Putnam's monsters all shifted uncomfortably.  Because the fire didn't die down when it crashed down.  It kept burning in the distance.

"They land in a biofilm, which stores tons of fertilizer.  The main cyst opens and releases the first waves of workers and soldiers.  Of each of those, there are dozens of different varieties, each adapted to different roles."  I waved a hand.  We hurled toward the purple flames.  Flames covered a massive, wet object in the Martian dirt.

It towered over us, covered in a pinkish orange slime.  It looked like a bubble the size of a city.  Then the bubble splattered into thousands of smaller bubbles.  Each of those were as big as elephant.

Putnam's monsters watched transfixed as the humongous morass of bubbles popped.  Eight-tentacled, orange-slimed covered things, that looked like crustaceans.  They crawled and slid out of the cyst.

"Those are workers.  Given even a few hours, they can alter the ecosystem."  I shifted the time scale so that a single hour passed for each minute.  Putnam's monsters took a step back, except for one.  Charlie moved forward.  She approached the nearest of the blurring fast workers.  She seemed unafraid of them.

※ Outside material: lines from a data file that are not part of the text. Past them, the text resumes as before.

lemma digit_mean_refine_close:
  assumes osc: "oscillation_le (1 / real q ^ k) g e"
  shows "\<bar>digit_mean q A (k + l) g - digit_mean q A k g\<bar> \<le> e"
proof -
  define m where "m = real (card A)"
  have m: "m > 0"
    using card_A_pos by (simp add: m_def)
  define x where "x a r = real (a * q ^ l + r) / real q ^ (k + l)" for a r
  define y where "y a = real a / real q ^ k" for a
  have "digit_mean q A k g = (\<Sum>a\<in>R k. \<Sum>r\<in>R l. g (y a)) / m ^ (k + l)"
    using m by (simp add: digit_mean_def y_def m_def card_restricted_numbers power_add
        sum_distrib_left[symmetric])
  moreover have "digit_mean q A (k + l) g = (\<Sum>a\<in>R k. \<Sum>r\<in>R l. g (x a r)) / m ^ (k + l)"
    by (simp add: digit_mean_def sum_restricted_numbers_add x_def m_def)
  ultimately have "digit_mean q A (k + l) g - digit_mean q A k g
      = (\<Sum>a\<in>R k. \<Sum>r\<in>R l. g (x a r) - g (y a)) / m ^ (k + l)"
    by (simp add: sum_subtractf diff_divide_distrib)
  moreover have "\<bar>g (x a r) - g (y a)\<bar> \<le> e" if "a \<in> R k" "r \<in> R l" for a r
    using oscillation_on_qadic_interval[OF osc that(1) refinement_in_qadic_interval[OF that(2)]]
    by (simp add: x_def y_def)
  then have "\<bar>\<Sum>a\<in>R k. \<Sum>r\<in>R l. g (x a r) - g (y a)\<bar> \<le> (\<Sum>a\<in>R k. \<Sum>r\<in>R l. e)"
    by (intro order_trans[OF sum_abs] sum_mono order_trans[OF sum_abs]) auto
  ultimately have "\<bar>digit_mean q A (k + l) g - digit_mean q A k g\<bar> \<le> (\<Sum>a\<in>R k. \<Sum>r\<in>R l. e) / m ^ (k + l)"
    using m by (simp add: abs_divide divide_right_mono)
  also have "\<dots> = e"
    using m by (simp add: m_def card_restricted_numbers power_add)
  finally show ?thesis .
qed

lemma Cauchy_digit_mean:
  assumes g: "continuous_on UNIV g"
  shows "Cauchy (\<lambda>k. digit_mean q A k g)"
proof (rule CauchyI)
  fix e :: real assume "e > 0"
  then obtain K where K: "\<And>k. k \<ge> K \<Longrightarrow> oscillation_le (1 / real q ^ k) g (e / 3)"
    using eventually_oscillation_le[OF continuous_on_subset[OF g], of "real q" "e / 3"] q_ge_2
    unfolding eventually_sequentially by auto
  have close: "\<bar>digit_mean q A n g - digit_mean q A K g\<bar> \<le> e / 3" if "n \<ge> K" for n
    using digit_mean_refine_close[OF K[OF order_refl], of "n - K"] that by simp
  show "\<exists>M. \<forall>m\<ge>M. \<forall>n\<ge>M. norm (digit_mean q A m g - digit_mean q A n g) < e"
  proof (intro exI allI impI)
    fix m n assume "K \<le> m" "K \<le> n"
    then show "norm (digit_mean q A m g - digit_mean q A n g) < e"
      using close[of m] close[of n] \<open>e > 0\<close> unfolding real_norm_def by arith
  qed
qed

section \<open>The ghost measures\<close>

lemma integral_muf:
  assumes "g \<in> borel_measurable borel"
  shows "(\<integral>x. g x \<partial>muf q A k) = digit_mean q A k g"
proof -
  have "(\<integral>x. g x \<partial>muf q A k)
      = (\<Sum>j<q ^ k. fseq q A j * (g (real j / real q ^ k) / real (card A) ^ k))"
    using assms unfolding muf_def
    by (simp add: integral_distr integral_density lebesgue_integral_count_space_finite fseq_def
        sum_divide_distrib)
  also have "\<dots> = (\<Sum>j<q ^ k. if j \<in> R k then g (real j / real q ^ k) / real (card A) ^ k else 0)"
    by (intro sum.cong) (simp_all add: fseq_eq_if)
  also have "\<dots> = digit_mean q A k g"
    unfolding digit_mean_def sum_if_restricted_numbers by (simp add: sum_divide_distrib)
  finally show ?thesis .
qed

lemma prob_space_muf: "prob_space (muf q A k)"
proof
  have "emeasure (muf q A k) (space (muf q A k))
      = (\<Sum>j<q ^ k. ennreal (fseq q A j / real (card A) ^ k))"
    unfolding muf_def
    by (simp add: emeasure_distr emeasure_density nn_integral_count_space_finite)
  also have "\<dots> = ennreal (\<Sum>j<q ^ k. fseq q A j * (1 / real (card A) ^ k))"
    by (subst sum_ennreal) (auto simp: fseq_def)
  also have "(\<Sum>j<q ^ k. fseq q A j * (1 / real (card A) ^ k))
      = (\<Sum>j<q ^ k. if j \<in> R k then 1 / real (card A) ^ k else 0)"
    by (intro sum.cong) (simp_all add: fseq_eq_if)
  also have "\<dots> = 1"
    unfolding sum_if_restricted_numbers using card_A_pos by (simp add: card_restricted_numbers)
  finally show "emeasure (muf q A k) (space (muf q A k)) = 1"
    by simp
qed

lemma real_distribution_muf: "real_distribution (muf q A k)"
  using prob_space_muf by (simp add: real_distribution_def real_distribution_axioms_def muf_def)

lemma AE_muf_unit_interval: "AE x in muf q A k. x \<in> {0..1}"
  unfolding muf_def
proof (subst AE_distr_iff)
  show "AE j in density (count_space {..<q ^ k}) (\<lambda>j. ennreal (fseq q A j / real (card A) ^ k)).
        real j / real q ^ k \<in> {0..1}"
  proof (rule AE_I2)
    fix j assume "j \<in> space (density (count_space {..<q ^ k}) (\<lambda>j. ennreal (fseq q A j / real (card A) ^ k)))"
    then have "real j < real q ^ k"
      by (metis lessThan_iff of_nat_less_iff of_nat_power space_count_space space_density)
    then show "real j / real q ^ k \<in> {0..1}"
      using q_pos by simp
  qed
qed auto

lemma ex_weak_limit_muf: "\<exists>M. real_distribution M \<and> weak_limit (muf q A) M"
proof (rule weak_limit_if_tight_Cauchy)
  show "tight (muf q A)"
    using real_distribution_muf AE_muf_unit_interval by (rule tight_if_AE_interval) simp
  show "Cauchy (\<lambda>k. \<integral>x. g x \<partial>muf q A k)" if "continuous_on UNIV g" for g :: "real \<Rightarrow> real"
    using Cauchy_digit_mean[OF that] integral_muf[OF borel_measurable_continuous_onI[OF that]]
    by simp
qed

section \<open>The mass distributions\<close>

lemma hutch_unit_interval: "hutch q A {0..1} \<subseteq> {0..1}"
proof
  fix y assume "y \<in> hutch q A {0..1}"
  then obtain a x where a: "a \<in> A" and x: "x \<in> {0..1::real}" and y: "y = (x + real a) / real q"
    unfolding hutch_def by blast
  have "real a + 1 \<le> real q"
    using a A_less by (auto simp flip: of_nat_Suc)
  then show "y \<in> {0..1}"
    using x y q_pos by auto
qed

lemma Ek_Suc_subset: "Ek q A (Suc k) \<subseteq> Ek q A k"
proof (induction k)
  case 0
  then show ?case using hutch_unit_interval by (simp add: Ek_Suc Ek_0)
next
  case (Suc k)
  then show ?case
    unfolding Ek_Suc[of q A "Suc k"] Ek_Suc[of q A k] by (rule hutch_mono)
qed

lemma image_qadic_interval:
  "(\<lambda>x. (x + real a) / real q) ` qadic_interval q k j = qadic_interval q (Suc k) (a * q ^ k + j)"
proof -
  have Q: "real q > 0" "real q ^ k > 0"
    using q_pos by auto
  have "(\<lambda>x. (x + real a) / real q) ` qadic_interval q k j
      = (\<lambda>x. x / real q + real a / real q) ` qadic_interval q k j"
    by (simp add: add_divide_distrib)
  also have "\<dots> = {real j / real q ^ k / real q + real a / real q
      .. (real j + 1) / real q ^ k / real q + real a / real q}"
    unfolding qadic_interval_def using Q
    by (subst image_affinity_atLeastAtMost_div) (auto simp: divide_right_mono)
  also have "\<dots> = qadic_interval q (Suc k) (a * q ^ k + j)"
    unfolding qadic_interval_def using Q by (simp add: field_simps)
  finally show ?thesis .
qed

lemma Ek_eq_Union_qadic_interval: "Ek q A k = (\<Union>j\<in>R k. qadic_interval q k j)"
proof (induction k)
  case 0
  have "R 0 = {0}"
    using zero_in_A unfolding restricted_numbers_def by auto
  then show ?case
    by (simp add: Ek_0 qadic_interval_def)
next
  case (Suc k)
  have "R (Suc k) = (\<lambda>(a, j). a * q ^ k + j) ` (A \<times> R k)"
    using bij_betw_imp_surj_on[OF bij_betw_restricted_numbers_add[of k 1]]
    unfolding restricted_numbers_1 by simp
  then have "(\<Union>j\<in>R (Suc k). qadic_interval q (Suc k) j)
      = (\<Union>a\<in>A. \<Union>j\<in>R k. qadic_interval q (Suc k) (a * q ^ k + j))"
    by auto
  also have "\<dots> = Ek q A (Suc k)"
    unfolding Ek_Suc Suc hutch_def by (simp add: image_UN image_qadic_interval)
  finally show ?case ..
qed

lemma compact_Ek: "compact (Ek q A k)"
proof -
  have "Ek q A k \<subseteq> {0..1}"
    by (induction k) (use Ek_Suc_subset in \<open>auto simp: Ek_0\<close>)
  moreover have "closed (Ek q A k)"
    unfolding Ek_eq_Union_qadic_interval qadic_interval_def
    by (intro closed_UN finite_restricted_numbers) auto
  ultimately show ?thesis
    using bounded_subset compact_eq_bounded_closed by blast
qed

lemma sets_borel_Ek [measurable]: "Ek q A k \<in> sets borel"
  using compact_Ek by (simp add: borel_compact)

lemma nuF_eq_density:
  "nuF q A k = density lborel (\<lambda>x. ennreal ((real q / real (card A)) ^ k * indicator (Ek q A k) x))"
proof (induction k)
  case 0
  then show ?case by (simp add: Ek_0 ennreal_indicator)
next
  case (Suc k)
  have density_step: "ennreal ((real q / real (card A)) ^ k * indicator (Ek q A k) x)
      * (ennreal (real q / real (card A)) * indicator (Ek q A (Suc k)) x)
    = ennreal ((real q / real (card A)) ^ Suc k * indicator (Ek q A (Suc k)) x)" for x
  proof (cases "x \<in> Ek q A (Suc k)")
    case True
    then have "x \<in> Ek q A k"
      using Ek_Suc_subset by blast
    with True show ?thesis
      by (simp add: ennreal_mult[symmetric] mult.commute)
  qed simp
  have "nuF q A (Suc k) = density lborel (\<lambda>x.
      ennreal ((real q / real (card A)) ^ k * indicator (Ek q A k) x)
      * (ennreal (real q / real (card A)) * indicator (Ek q A (Suc k)) x))"
    by (simp add: Suc density_density_eq)
  also have "\<dots> = density lborel (\<lambda>x.
      ennreal ((real q / real (card A)) ^ Suc k * indicator (Ek q A (Suc k)) x))"
    by (simp only: density_step)
  finally show ?case .
qed

lemma qadic_interval_Int_subset:
  assumes "i \<noteq> i'"
  shows "qadic_interval q k i \<inter> qadic_interval q k i' \<subseteq> {real i / real q ^ k, real i' / real q ^ k}"
proof -
  have Q: "real q ^ k > 0"
    using q_pos by simp
  have "(real i + 1) / real q ^ k \<le> real i' / real q ^ k \<or> (real i' + 1) / real q ^ k \<le> real i / real q ^ k"
    using assms Q by (cases "i < i'") (auto intro!: divide_right_mono)
  then show ?thesis
    unfolding qadic_interval_def by auto
qed

lemma integral_nuF:
  assumes g: "continuous_on UNIV g"
  shows "(\<integral>x. g x \<partial>nuF q A k)
    = (real q / real (card A)) ^ k * (\<Sum>j\<in>R k. integral (qadic_interval q k j) g)"
proof -
  have "(\<integral>x. g x \<partial>nuF q A k)
      = (\<integral>x. ((real q / real (card A)) ^ k * indicator (Ek q A k) x) *\<^sub>R g x \<partial>lborel)"
    unfolding nuF_eq_density using g
    by (intro integral_density) (auto intro: borel_measurable_continuous_onI)
  also have "\<dots> = (real q / real (card A)) ^ k * (LINT x:Ek q A k|lborel. g x)"
    unfolding set_lebesgue_integral_def by (simp add: mult.assoc)
  also have "(LINT x:Ek q A k|lborel. g x) = integral (Ek q A k) g"
    using borel_integrable_compact[OF compact_Ek continuous_on_subset[OF g]]
    by (intro set_borel_integral_eq_integral(2)) (simp add: set_integrable_def)
  also have "\<dots> = (\<Sum>j\<in>R k. integral (qadic_interval q k j) g)"
    unfolding Ek_eq_Union_qadic_interval
  proof (intro integral_unique has_integral_UN finite_restricted_numbers)
    show "(g has_integral integral (qadic_interval q k j) g) (qadic_interval q k j)" for j
      unfolding qadic_interval_def using g
      by (intro integrable_integral integrable_continuous_interval) (auto intro: continuous_on_subset)
    show "pairwise (\<lambda>i i'. negligible (qadic_interval q k i \<inter> qadic_interval q k i')) (R k)"
      unfolding pairwise_def
      by (auto intro: negligible_subset[OF negligible_finite qadic_interval_Int_subset])
  qed
  finally show ?thesis .
qed

lemma qadic_interval_integral_close:
  assumes g: "continuous_on UNIV g" and osc: "oscillation_le (1 / real q ^ k) g e"
    and j: "j \<in> R k"
  shows "\<bar>integral (qadic_interval q k j) g - g (real j / real q ^ k) / real q ^ k\<bar> \<le> e / real q ^ k"
proof -
  define Q where "Q = real q ^ k"
  define y where "y = real j / Q"
  have Q: "Q > 0"
    using q_pos by (simp add: Q_def)
  have I: "qadic_interval q k j = {y .. (real j + 1) / Q}"
    unfolding qadic_interval_def Q_def y_def ..
  have le: "y \<le> (real j + 1) / Q"
    using Q by (simp add: y_def divide_right_mono)
  have len: "(real j + 1) / Q - y = 1 / Q"
    by (simp add: y_def add_divide_distrib)
  have "integral (qadic_interval q k j) g - g y / Q = integral (qadic_interval q k j) (\<lambda>x. g x - g y)"
    unfolding I using g le len
    by (subst integral_diff) (auto intro: integrable_continuous_interval continuous_on_subset)
  also have "\<bar>\<dots>\<bar> \<le> e * ((real j + 1) / Q - y)"
    unfolding real_norm_def[symmetric] I
  proof (rule integral_bound[OF le])
    show "continuous_on {y..(real j + 1) / Q} (\<lambda>x. g x - g y)"
      by (intro continuous_intros continuous_on_subset[OF g]) auto
    show "norm (g t - g y) \<le> e" if "t \<in> {y..(real j + 1) / Q}" for t
      using oscillation_on_qadic_interval[OF osc j] that unfolding I by (simp add: y_def Q_def)
  qed
  also have "\<dots> = e / Q"
    using len by simp
  finally show ?thesis
    by (simp add: Q_def y_def)
qed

Strange, geometric structures erupted from the workers efforts.  Like a fungal growth, they spread out from where the cyst had landed.  I slowed time back to normal.

"Then the soldiers emerge."  Then I waited to see how they'd react to it.  I doubted they could pass this test.

Gases erupted from the structures.  They covered everything in a slimy biofilm.  Charlie clutched at her throat once the gases reached her nostrils.  The coral structures shattered as the soldiers broke out of the cyst.  Massive shapes struck at Putnam's monsters.

Each hard-shelled arthropod stood on six thick legs.  There were some variation even at this stage in their development.  But it didn't matter.  Each soldier even while juveniles were five meters tall and over fifteen meters long.  A hundred swarmed out of the cyst.

Their tiny human avatars couldn't withstand them.  They panicked, trying to run away.  Most had fallen like Charlie had, the gases have disabled them.  The dreamspace mirrored the brain-eating enzymes those gases carried in the realspace.  A handful of the tiny human avatars banded together, to try to work together to get away.

The soldiers of the Enemy caught them easily.  Each soldier covered them in the orange slime I had seen countless times.

A moment later I stopped the simulation.  Everything went dark.  Twenty human avatar eyes stared at me in fear and anger.  I smiled.

"Your first test.  You failed.  We will continue.  Over and over.  Until you are prepared to fight them."  I could see they had questions.  That they wanted to be able to speak again.  But I didn't.

Instead we started it over.  With repetition comes discipline.

Aftermath 6
#InTransitMonsters, part 6 of a continuing #ScienceFiction tale about technology as messiah, a new take on Frankenstein, giant robots and humans facing extinction from bizarre aliens.  It's a #FirstDraft, so I'm open to criticism, comments, suggestions and anything else people can throw at it.

Alright.  This one felt hard to get out.  I think I might've underdone the action at the end; then again, I kinda enjoyed the tone.  Nasr, despite his doubts, more or less plans to ruin the last refuge the monsters of the Hecate Project had: dreamspace.  Which I think is a interactive dream state.  I think.